(Saved entries)
• • •

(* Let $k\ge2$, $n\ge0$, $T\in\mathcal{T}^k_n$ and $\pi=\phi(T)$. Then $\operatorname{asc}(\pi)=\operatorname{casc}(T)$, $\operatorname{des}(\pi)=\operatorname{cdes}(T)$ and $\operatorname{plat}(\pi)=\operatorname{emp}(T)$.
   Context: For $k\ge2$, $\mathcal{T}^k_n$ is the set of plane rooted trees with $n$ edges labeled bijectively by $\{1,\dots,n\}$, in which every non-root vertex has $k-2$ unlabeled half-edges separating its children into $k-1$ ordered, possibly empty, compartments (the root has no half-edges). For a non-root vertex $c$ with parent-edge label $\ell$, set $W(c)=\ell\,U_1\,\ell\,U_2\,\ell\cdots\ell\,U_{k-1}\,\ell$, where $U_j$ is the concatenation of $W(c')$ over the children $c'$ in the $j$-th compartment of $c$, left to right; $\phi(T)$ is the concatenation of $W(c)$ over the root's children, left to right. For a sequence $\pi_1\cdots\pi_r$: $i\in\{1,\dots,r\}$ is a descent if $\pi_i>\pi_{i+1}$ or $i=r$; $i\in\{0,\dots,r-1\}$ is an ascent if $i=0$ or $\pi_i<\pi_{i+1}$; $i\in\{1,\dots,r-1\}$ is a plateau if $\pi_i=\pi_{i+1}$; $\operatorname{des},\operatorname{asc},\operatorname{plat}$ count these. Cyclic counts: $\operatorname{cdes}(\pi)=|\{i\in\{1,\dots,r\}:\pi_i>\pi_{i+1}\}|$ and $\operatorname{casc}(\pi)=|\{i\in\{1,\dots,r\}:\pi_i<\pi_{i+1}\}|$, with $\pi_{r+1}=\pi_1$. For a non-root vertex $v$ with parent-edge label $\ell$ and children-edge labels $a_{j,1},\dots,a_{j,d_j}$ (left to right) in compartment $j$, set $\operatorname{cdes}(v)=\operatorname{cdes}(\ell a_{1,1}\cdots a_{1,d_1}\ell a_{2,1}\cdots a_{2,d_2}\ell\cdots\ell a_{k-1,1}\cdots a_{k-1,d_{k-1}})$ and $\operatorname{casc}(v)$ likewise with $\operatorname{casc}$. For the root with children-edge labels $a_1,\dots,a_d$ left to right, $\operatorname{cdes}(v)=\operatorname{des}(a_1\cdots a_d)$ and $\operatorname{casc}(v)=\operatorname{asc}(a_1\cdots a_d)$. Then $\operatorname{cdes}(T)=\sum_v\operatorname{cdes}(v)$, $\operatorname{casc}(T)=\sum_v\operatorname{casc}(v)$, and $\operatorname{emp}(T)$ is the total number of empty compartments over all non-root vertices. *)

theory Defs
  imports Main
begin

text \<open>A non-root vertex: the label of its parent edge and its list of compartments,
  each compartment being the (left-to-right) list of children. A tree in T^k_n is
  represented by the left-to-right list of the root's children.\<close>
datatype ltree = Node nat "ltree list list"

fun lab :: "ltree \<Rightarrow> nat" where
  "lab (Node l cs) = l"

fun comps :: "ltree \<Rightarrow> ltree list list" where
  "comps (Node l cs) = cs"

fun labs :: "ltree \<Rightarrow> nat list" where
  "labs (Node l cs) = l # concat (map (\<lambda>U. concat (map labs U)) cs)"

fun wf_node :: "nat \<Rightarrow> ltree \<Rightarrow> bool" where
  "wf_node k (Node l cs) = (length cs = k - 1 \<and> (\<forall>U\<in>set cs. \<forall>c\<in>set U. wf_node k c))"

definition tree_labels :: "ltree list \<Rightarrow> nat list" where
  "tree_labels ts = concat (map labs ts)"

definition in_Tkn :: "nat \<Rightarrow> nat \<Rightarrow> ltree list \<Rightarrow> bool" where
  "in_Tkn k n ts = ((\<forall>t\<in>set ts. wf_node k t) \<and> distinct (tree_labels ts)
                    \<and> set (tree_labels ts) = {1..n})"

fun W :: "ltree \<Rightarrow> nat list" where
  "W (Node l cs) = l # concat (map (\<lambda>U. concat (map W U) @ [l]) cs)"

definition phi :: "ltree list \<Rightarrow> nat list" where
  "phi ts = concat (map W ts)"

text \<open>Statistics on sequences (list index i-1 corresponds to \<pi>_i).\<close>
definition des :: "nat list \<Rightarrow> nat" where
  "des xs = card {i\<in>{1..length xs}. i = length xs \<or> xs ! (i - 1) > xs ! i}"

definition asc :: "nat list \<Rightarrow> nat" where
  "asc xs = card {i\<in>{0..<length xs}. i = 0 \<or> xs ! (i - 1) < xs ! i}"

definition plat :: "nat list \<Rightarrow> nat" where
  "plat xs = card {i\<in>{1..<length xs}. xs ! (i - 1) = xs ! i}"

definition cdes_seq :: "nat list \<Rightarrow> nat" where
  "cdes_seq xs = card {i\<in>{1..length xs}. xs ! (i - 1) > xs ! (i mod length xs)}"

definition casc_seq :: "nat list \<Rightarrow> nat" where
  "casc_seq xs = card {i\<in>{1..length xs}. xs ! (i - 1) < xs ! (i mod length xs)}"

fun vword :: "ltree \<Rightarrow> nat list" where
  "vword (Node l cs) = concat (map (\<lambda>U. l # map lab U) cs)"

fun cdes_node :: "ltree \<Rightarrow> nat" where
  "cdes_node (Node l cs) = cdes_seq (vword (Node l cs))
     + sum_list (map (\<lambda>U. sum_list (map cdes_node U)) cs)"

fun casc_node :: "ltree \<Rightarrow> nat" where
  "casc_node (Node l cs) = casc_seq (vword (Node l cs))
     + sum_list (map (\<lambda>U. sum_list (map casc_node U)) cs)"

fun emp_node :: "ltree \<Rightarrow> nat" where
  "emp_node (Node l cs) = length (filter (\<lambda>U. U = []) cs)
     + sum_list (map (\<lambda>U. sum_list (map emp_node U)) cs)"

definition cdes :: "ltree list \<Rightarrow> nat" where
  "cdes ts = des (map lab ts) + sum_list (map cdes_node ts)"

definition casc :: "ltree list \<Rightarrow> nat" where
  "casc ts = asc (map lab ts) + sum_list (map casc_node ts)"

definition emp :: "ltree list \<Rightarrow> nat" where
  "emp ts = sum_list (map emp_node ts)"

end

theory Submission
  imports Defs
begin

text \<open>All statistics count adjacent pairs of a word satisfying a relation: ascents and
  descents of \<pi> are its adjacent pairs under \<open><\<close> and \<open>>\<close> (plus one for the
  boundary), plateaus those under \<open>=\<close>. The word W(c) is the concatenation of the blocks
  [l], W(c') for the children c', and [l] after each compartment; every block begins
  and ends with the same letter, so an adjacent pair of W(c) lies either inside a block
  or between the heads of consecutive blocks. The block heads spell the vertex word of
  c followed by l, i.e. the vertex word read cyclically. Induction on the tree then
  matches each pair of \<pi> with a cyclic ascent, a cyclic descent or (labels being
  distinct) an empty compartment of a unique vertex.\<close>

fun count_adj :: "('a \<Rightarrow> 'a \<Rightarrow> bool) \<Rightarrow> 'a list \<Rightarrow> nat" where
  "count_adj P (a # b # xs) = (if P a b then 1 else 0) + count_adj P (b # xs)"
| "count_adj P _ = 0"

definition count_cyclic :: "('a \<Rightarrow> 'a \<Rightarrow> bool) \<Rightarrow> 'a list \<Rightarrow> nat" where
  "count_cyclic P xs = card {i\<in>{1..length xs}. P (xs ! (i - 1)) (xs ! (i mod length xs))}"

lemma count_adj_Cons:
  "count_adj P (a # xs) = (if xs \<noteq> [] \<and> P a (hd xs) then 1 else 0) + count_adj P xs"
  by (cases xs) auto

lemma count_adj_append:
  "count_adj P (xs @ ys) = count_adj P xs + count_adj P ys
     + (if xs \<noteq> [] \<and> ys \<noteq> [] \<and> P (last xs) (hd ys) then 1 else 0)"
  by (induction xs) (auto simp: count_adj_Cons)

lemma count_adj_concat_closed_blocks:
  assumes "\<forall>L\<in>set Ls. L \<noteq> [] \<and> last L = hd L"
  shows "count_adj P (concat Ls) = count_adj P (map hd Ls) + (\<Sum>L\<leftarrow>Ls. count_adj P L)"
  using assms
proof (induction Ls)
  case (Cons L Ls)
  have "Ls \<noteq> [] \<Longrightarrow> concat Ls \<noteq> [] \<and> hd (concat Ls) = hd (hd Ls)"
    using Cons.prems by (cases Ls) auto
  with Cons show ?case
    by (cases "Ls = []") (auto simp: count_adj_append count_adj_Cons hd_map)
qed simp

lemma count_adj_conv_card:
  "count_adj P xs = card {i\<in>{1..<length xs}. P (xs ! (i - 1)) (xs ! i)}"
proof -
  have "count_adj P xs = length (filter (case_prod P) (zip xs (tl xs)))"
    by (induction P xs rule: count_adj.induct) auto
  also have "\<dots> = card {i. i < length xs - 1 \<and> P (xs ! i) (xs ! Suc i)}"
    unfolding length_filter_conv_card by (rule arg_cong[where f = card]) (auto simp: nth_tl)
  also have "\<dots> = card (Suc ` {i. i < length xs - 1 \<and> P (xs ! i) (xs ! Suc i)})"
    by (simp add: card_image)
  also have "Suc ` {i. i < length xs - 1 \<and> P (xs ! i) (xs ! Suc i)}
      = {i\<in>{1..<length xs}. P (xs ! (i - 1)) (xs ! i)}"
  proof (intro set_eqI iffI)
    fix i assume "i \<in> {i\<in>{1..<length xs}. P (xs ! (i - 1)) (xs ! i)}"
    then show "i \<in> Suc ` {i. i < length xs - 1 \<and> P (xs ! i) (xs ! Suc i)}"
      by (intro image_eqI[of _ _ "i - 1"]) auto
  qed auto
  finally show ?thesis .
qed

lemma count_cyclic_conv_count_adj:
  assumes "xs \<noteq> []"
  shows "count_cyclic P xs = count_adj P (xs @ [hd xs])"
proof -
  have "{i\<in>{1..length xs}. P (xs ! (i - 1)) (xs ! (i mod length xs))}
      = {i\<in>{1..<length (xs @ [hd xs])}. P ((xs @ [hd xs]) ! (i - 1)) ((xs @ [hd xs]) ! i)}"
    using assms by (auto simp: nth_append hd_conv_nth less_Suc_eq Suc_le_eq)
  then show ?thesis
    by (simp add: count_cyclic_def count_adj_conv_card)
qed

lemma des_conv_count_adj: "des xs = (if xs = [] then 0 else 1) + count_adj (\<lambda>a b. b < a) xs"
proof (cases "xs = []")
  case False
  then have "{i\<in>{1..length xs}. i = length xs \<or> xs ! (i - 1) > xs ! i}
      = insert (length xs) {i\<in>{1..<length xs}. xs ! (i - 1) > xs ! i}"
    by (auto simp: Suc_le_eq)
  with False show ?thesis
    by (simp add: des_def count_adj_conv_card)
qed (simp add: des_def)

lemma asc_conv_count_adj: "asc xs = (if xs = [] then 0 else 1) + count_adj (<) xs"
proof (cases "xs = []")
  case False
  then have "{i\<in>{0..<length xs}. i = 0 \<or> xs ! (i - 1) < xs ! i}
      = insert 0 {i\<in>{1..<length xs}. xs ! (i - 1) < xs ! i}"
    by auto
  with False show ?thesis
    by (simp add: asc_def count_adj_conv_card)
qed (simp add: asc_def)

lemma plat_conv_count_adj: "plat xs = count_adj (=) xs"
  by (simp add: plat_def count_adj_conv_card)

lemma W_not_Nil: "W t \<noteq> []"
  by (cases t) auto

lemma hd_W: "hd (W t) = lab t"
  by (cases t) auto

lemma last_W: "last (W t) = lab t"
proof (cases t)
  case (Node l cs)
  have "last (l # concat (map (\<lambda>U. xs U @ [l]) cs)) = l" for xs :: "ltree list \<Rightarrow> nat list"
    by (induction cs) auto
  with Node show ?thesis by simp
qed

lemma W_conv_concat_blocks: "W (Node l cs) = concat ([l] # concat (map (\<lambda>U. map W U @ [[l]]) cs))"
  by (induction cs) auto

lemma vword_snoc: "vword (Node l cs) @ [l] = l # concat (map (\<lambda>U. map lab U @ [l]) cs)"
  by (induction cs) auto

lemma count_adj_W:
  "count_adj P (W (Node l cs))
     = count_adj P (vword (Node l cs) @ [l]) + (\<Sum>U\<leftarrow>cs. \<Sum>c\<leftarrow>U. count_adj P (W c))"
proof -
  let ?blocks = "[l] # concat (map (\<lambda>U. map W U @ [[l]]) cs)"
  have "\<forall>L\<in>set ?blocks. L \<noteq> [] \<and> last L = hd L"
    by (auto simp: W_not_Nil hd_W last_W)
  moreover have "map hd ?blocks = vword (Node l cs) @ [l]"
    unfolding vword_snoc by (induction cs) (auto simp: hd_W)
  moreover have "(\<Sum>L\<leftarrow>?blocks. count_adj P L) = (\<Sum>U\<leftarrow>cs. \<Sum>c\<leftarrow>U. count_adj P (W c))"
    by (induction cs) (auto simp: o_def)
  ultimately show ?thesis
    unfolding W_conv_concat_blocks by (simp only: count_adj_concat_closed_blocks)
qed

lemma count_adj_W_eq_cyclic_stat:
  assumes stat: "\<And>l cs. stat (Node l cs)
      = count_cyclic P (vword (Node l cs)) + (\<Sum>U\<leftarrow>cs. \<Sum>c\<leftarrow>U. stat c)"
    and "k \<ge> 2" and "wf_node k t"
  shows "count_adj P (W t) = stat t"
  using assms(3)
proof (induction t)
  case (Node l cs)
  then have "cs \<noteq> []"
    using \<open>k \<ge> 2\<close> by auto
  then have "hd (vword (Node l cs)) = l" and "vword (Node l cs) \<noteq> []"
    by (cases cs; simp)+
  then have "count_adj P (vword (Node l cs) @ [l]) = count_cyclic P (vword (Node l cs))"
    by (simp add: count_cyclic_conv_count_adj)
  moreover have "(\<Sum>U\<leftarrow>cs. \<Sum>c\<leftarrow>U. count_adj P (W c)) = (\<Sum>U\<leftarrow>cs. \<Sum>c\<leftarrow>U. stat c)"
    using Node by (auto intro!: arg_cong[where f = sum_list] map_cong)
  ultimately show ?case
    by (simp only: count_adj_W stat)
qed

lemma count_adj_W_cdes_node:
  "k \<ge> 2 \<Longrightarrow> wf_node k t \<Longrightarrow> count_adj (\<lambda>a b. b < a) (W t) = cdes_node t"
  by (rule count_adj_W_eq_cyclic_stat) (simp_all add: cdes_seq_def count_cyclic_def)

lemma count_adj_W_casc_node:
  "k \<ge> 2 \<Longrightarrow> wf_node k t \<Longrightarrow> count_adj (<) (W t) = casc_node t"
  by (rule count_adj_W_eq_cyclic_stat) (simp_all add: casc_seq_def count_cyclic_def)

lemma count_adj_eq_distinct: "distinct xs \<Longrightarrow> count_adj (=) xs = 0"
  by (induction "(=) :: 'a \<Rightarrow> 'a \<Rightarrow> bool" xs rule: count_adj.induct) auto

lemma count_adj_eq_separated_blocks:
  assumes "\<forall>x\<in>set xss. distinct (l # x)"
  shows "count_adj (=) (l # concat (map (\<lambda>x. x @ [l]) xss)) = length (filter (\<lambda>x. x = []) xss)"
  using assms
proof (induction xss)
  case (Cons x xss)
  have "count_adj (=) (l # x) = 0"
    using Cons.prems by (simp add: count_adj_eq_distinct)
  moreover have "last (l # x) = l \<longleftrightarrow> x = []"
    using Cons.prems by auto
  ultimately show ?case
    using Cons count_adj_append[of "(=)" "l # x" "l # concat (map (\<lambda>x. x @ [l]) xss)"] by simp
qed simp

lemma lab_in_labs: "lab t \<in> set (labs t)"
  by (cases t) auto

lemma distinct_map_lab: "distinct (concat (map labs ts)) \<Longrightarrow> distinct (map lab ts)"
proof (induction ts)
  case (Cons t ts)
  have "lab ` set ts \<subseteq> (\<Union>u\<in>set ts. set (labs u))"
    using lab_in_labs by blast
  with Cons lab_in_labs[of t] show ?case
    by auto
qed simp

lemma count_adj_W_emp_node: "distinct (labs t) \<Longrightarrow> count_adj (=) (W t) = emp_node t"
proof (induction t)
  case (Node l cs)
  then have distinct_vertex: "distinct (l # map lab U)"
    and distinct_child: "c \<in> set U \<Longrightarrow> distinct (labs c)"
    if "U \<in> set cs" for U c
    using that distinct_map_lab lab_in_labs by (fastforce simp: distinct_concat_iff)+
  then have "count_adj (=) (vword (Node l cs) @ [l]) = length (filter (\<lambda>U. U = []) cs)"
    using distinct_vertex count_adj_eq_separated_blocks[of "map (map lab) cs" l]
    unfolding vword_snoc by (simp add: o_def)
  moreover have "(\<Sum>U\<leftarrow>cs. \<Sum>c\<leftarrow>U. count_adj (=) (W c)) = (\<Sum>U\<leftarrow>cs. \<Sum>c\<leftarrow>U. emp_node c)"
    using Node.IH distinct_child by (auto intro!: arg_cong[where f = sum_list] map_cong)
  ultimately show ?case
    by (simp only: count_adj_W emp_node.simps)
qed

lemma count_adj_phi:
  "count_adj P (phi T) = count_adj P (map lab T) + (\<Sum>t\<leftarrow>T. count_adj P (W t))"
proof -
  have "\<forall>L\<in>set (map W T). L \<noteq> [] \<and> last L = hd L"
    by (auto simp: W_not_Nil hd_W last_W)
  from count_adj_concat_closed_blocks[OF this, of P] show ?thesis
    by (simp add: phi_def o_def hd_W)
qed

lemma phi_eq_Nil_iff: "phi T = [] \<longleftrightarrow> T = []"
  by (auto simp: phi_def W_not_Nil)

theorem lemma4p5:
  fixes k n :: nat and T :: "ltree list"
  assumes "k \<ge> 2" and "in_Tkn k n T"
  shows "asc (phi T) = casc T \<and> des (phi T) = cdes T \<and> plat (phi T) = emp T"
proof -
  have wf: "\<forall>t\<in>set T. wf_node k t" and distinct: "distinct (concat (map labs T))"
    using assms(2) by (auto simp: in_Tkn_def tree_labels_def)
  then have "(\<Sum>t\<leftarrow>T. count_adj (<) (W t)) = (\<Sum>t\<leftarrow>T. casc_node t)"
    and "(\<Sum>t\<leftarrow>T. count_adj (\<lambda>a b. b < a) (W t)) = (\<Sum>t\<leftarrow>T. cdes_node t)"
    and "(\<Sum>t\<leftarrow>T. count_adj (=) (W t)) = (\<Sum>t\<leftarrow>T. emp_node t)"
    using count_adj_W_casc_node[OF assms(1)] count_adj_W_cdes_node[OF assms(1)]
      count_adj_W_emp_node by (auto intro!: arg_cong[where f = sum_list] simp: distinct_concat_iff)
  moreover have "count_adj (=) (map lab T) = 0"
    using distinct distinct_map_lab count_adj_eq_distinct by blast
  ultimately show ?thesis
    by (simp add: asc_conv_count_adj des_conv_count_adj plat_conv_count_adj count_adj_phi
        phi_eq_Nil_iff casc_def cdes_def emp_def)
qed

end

• • •

### Work to complete:
Copy each line of the data above that holds "intro".

### Response:
  proof (intro set_eqI iffI)
      by (intro image_eqI[of _ _ "i - 1"]) auto
    using Node by (auto intro!: arg_cong[where f = sum_list] map_cong)
    using Node.IH distinct_child by (auto intro!: arg_cong[where f = sum_list] map_cong)
      count_adj_W_emp_node by (auto intro!: arg_cong[where f = sum_list] simp: distinct_concat_iff)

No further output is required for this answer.